Though it's still as hot as ever outside, the rustic beauty of root vegetables makes me yearn for cold weather. Meanwhile I've spread out this bountiful harvest, all from my most recent box from Kawakami Farm, on the floor next to my kitchen, so I can admire their elegant shapes and autumnal colors in the chill of the air conditioner. There are egg-sized white potatoes at left, purple sweet potatoes at right, and in the middle are the taro known as sato imo here in Japan. Though somewhat frightening to look at, irregular shapes covered with hairy skin, once cooked they're soft and mildly sweet, and very pleasant to eat.
The process of preparing sato imo doesn't take long, but they undergo a startling transformation. The fibrous outer layer is easily pulled away by hand, leaving the scaly inner skin shown in the photo above. This has to be removed with a knife or peeler (or if you want to boil the taro whole with the skin on, I've found it slips off easily once cooked). Peeled, the taro becomes innocuously white, and looks much like a radish. It's crisper than a regular potato when raw, just as it's softer than a regular potato when cooked.
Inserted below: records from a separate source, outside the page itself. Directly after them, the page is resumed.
(* Let $G$ be an infinite locally finite graph, $F$ a subgraph of $G$, and $D$ a finite connected graph. If $F$ is faithful to $G$, then $F\square D$ is faithful to $G\square D$ (where $F\square D$ is regarded as a subgraph of $G\square D$ in the natural way).
   Context: $\square$ denotes the Cartesian product of graphs. A ray is a one-way infinite path; two rays of a graph $H$ are equivalent in $H$ if for every finite $S\subseteq V(H)$ some component of $H-S$ contains tails of both; the classes are the ends of $H$. A subgraph $A$ of $B$ is faithful to $B$ if (i) every end of $B$ contains a ray of $A$, and (ii) any two rays of $A$ are equivalent in $A$ if and only if they are equivalent in $B$. *)

theory Defs
  imports Main
begin

text \<open>A (simple, undirected) graph is a pair of a vertex set and a set of ordered
  vertex pairs (each undirected edge stored in both directions).\<close>
type_synonym 'a graph = "'a set \<times> ('a \<times> 'a) set"

abbreviation verts :: "'a graph \<Rightarrow> 'a set" where "verts H \<equiv> fst H"
abbreviation edges :: "'a graph \<Rightarrow> ('a \<times> 'a) set" where "edges H \<equiv> snd H"

definition is_graph :: "'a graph \<Rightarrow> bool" where
  "is_graph H \<longleftrightarrow> edges H \<subseteq> verts H \<times> verts H \<and> sym (edges H) \<and> irrefl (edges H)"

definition subgraph :: "'a graph \<Rightarrow> 'a graph \<Rightarrow> bool" where
  "subgraph A B \<longleftrightarrow> is_graph A \<and> is_graph B \<and> verts A \<subseteq> verts B \<and> edges A \<subseteq> edges B"

definition locally_finite :: "'a graph \<Rightarrow> bool" where
  "locally_finite H \<longleftrightarrow> (\<forall>v\<in>verts H. finite {u. (v, u) \<in> edges H})"

definition finite_graph :: "'a graph \<Rightarrow> bool" where
  "finite_graph H \<longleftrightarrow> finite (verts H)"

definition connected_graph :: "'a graph \<Rightarrow> bool" where
  "connected_graph H \<longleftrightarrow> verts H \<noteq> {} \<and> (\<forall>u\<in>verts H. \<forall>v\<in>verts H. (u, v) \<in> (edges H)\<^sup>*)"

definition cart_prod :: "'a graph \<Rightarrow> 'b graph \<Rightarrow> ('a \<times> 'b) graph" (infixl "\<box>" 70) where
  "H \<box> K = (verts H \<times> verts K,
     {((a, b), (c, d)). (a = c \<and> a \<in> verts H \<and> (b, d) \<in> edges K)
                      \<or> (b = d \<and> b \<in> verts K \<and> (a, c) \<in> edges H)})"

definition is_ray :: "'a graph \<Rightarrow> (nat \<Rightarrow> 'a) \<Rightarrow> bool" where
  "is_ray H r \<longleftrightarrow> inj r \<and> (\<forall>i. r i \<in> verts H) \<and> (\<forall>i. (r i, r (Suc i)) \<in> edges H)"

definition component_of :: "'a graph \<Rightarrow> 'a set \<Rightarrow> 'a \<Rightarrow> 'a set" where
  "component_of H S x =
     {y. (x, y) \<in> (edges H \<inter> ((verts H - S) \<times> (verts H - S)))\<^sup>*}"

definition has_tail_in :: "(nat \<Rightarrow> 'a) \<Rightarrow> 'a set \<Rightarrow> bool" where
  "has_tail_in r C \<longleftrightarrow> (\<exists>n. \<forall>i\<ge>n. r i \<in> C)"

definition ray_equiv :: "'a graph \<Rightarrow> (nat \<Rightarrow> 'a) \<Rightarrow> (nat \<Rightarrow> 'a) \<Rightarrow> bool" where
  "ray_equiv H r s \<longleftrightarrow>
     (\<forall>S. finite S \<and> S \<subseteq> verts H \<longrightarrow>
        (\<exists>x\<in>verts H - S. has_tail_in r (component_of H S x) \<and> has_tail_in s (component_of H S x)))"

definition faithful :: "'a graph \<Rightarrow> 'a graph \<Rightarrow> bool" where
  "faithful A B \<longleftrightarrow>
     (\<forall>r. is_ray B r \<longrightarrow> (\<exists>s. is_ray A s \<and> ray_equiv B r s)) \<and>
     (\<forall>r s. is_ray A r \<and> is_ray A s \<longrightarrow> (ray_equiv A r s \<longleftrightarrow> ray_equiv B r s))"

end

theory Submission
  imports Defs
begin

(* The projection to G of a ray of G \<box> D is a walk that may pause but, D being finite,
   visits each vertex only finitely often; cutting out the loops at the last visit of each
   vertex turns it into a ray of G in the same end. Since D is finite and connected, two
   sequences in G \<box> D are equivalent iff their projections are: a finite separator S of
   G \<box> D lies in (fst ` S) \<times> verts D, and the component of G \<box> D - S over a component of
   G - fst ` S contains all its fibres. Faithfulness of F in G thus passes, through
   projections and pruning, to F \<box> D in G \<box> D. *)

lemma component_of_refl: "x \<in> component_of H S x"
  unfolding component_of_def by simp

lemma component_of_trans:
  "y \<in> component_of H S x \<Longrightarrow> z \<in> component_of H S y \<Longrightarrow> z \<in> component_of H S x"
  unfolding component_of_def by simp

lemma component_of_sym:
  assumes "sym (edges H)" and "y \<in> component_of H S x"
  shows "x \<in> component_of H S y"
proof -
  have "sym (edges H \<inter> ((verts H - S) \<times> (verts H - S)))"
    using assms(1) by (auto simp: sym_def)
  then show ?thesis
    using assms(2) sym_rtrancl unfolding component_of_def by (fastforce dest: symD)
qed

lemma component_of_step:
  assumes "y \<in> component_of H S x" and "(y, z) \<in> edges H"
    and "y \<in> verts H - S" and "z \<in> verts H - S"
  shows "z \<in> component_of H S x"
  using assms unfolding component_of_def by (auto intro: rtrancl_into_rtrancl)

lemma component_of_mem_verts:
  assumes "y \<in> component_of H S x" and "y \<noteq> x"
  shows "y \<in> verts H - S"
  using assms unfolding component_of_def by (auto elim: rtranclE)

lemma has_tail_in_mono: "has_tail_in r A \<Longrightarrow> A \<subseteq> B \<Longrightarrow> has_tail_in r B"
  unfolding has_tail_in_def by blast

lemma has_tail_in_Int_nonempty:
  assumes "has_tail_in r A" and "has_tail_in r B"
  shows "A \<inter> B \<noteq> {}"
proof -
  obtain m n where "\<forall>i\<ge>m. r i \<in> A" and "\<forall>i\<ge>n. r i \<in> B"
    using assms unfolding has_tail_in_def by blast
  then have "r (max m n) \<in> A \<inter> B" by simp
  then show ?thesis by blast
qed

lemma has_tail_in_comp:
  "has_tail_in r A \<Longrightarrow> f ` A \<subseteq> B \<Longrightarrow> has_tail_in (f \<circ> r) B"
  unfolding has_tail_in_def image_subset_iff comp_apply by blast

lemma has_tail_in_comp_vimage:
  "has_tail_in (f \<circ> r) B \<Longrightarrow> range r \<subseteq> V \<Longrightarrow> V \<inter> f -` B \<subseteq> A \<Longrightarrow> has_tail_in r A"
  unfolding has_tail_in_def by (simp add: subset_iff) blast

lemma has_tail_in_subseq:
  assumes "has_tail_in r A" and "strict_mono \<sigma>"
  shows "has_tail_in (r \<circ> \<sigma>) A"
proof -
  obtain n where "\<forall>i\<ge>n. r i \<in> A" using assms(1) unfolding has_tail_in_def by blast
  moreover have "i \<le> \<sigma> i" for i using assms(2) by (rule strict_mono_imp_increasing)
  ultimately have "\<forall>i\<ge>n. r (\<sigma> i) \<in> A" using le_trans by blast
  then show ?thesis unfolding has_tail_in_def by auto
qed

lemma ray_equivI:
  assumes "\<And>S. finite S \<Longrightarrow> S \<subseteq> verts H \<Longrightarrow>
    \<exists>x\<in>verts H - S. has_tail_in r (component_of H S x) \<and> has_tail_in s (component_of H S x)"
  shows "ray_equiv H r s"
  using assms unfolding ray_equiv_def by blast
I decided to make a dish using all three types of tuber together, cutting them into similar sizes and boiling them in a little bit of salted water for about 15 minutes, adding some already cooked borlotti beans and a chopped yellow bell pepper halfway through that time, and letting them simmer until the water had cooked away and they were a little brown on the bottom. (Thanks to my nonstick pot, there's no need to add oil to prevent sticking.) I let them sit covered with the heat off for another 10 minutes, which I often do to help them release from the pot more easily. It made such a colorful dish, and I enjoyed having the different flavors and textures of each type of potato all on one plate.